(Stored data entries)
%%

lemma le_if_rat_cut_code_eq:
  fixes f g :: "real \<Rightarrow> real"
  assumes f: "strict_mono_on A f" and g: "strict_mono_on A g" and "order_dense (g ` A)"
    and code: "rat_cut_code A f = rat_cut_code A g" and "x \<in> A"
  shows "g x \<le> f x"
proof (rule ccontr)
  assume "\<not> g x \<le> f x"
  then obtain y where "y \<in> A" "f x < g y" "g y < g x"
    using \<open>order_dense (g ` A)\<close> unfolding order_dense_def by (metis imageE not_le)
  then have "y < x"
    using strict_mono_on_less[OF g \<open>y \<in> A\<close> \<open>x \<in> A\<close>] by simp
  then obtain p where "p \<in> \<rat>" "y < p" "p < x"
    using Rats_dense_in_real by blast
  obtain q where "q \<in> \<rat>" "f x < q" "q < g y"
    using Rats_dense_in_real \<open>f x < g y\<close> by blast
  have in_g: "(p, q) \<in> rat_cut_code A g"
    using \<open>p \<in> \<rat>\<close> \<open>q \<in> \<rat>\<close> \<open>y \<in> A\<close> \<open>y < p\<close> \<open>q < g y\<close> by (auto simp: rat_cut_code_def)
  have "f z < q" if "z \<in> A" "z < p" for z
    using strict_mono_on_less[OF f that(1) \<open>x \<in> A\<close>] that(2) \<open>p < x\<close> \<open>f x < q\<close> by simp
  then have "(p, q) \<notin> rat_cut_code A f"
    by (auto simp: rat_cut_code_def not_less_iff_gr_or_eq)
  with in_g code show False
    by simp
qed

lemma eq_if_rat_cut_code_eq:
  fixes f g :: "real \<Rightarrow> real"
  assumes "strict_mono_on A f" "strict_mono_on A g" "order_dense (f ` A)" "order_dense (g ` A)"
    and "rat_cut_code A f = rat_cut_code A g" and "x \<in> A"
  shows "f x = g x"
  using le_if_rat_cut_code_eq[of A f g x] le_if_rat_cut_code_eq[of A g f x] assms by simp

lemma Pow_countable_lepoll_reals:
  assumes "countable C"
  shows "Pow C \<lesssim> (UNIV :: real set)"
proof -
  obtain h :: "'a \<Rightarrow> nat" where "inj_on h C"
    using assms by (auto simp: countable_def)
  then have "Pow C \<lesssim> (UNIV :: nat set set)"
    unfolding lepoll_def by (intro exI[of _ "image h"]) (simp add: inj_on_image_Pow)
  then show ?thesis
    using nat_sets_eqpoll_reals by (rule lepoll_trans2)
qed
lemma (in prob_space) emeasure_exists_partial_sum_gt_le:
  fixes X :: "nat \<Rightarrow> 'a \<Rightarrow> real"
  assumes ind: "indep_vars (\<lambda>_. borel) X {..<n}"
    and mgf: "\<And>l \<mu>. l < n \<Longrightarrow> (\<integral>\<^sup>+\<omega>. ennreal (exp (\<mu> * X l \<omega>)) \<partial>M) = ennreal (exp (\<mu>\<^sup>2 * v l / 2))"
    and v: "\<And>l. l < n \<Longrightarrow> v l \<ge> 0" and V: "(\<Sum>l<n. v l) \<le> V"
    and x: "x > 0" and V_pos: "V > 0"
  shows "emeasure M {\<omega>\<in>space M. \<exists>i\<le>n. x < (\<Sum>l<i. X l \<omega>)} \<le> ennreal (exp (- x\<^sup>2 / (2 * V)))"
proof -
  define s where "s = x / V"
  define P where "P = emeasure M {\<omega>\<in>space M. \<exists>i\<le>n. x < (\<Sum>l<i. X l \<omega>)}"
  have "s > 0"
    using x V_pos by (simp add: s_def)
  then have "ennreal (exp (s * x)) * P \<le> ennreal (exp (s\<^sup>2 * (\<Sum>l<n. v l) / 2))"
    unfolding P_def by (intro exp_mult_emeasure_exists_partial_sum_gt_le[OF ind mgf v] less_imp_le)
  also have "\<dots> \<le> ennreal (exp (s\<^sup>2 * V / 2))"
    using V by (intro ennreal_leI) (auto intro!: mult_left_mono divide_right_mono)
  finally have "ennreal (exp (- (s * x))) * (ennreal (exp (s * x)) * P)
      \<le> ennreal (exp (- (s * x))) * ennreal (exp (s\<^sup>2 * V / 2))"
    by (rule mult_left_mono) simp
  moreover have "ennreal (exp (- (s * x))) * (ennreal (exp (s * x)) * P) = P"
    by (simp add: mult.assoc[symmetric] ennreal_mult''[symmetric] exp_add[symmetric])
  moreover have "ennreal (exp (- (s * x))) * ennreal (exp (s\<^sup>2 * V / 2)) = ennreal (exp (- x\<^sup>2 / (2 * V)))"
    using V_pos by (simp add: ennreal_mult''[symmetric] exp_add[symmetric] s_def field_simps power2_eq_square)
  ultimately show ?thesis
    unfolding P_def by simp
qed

%%

WORK TO BE COMPLETED :: Copy each line from the records above that includes the string "unfolding".

RESPONSE TO THIS EXERCISE ::
    using \<open>order_dense (g ` A)\<close> unfolding order_dense_def by (metis imageE not_le)
    unfolding lepoll_def by (intro exI[of _ "image h"]) (simp add: inj_on_image_Pow)
    unfolding P_def by (intro exp_mult_emeasure_exists_partial_sum_gt_le[OF ind mgf v] less_imp_le)
    unfolding P_def by simp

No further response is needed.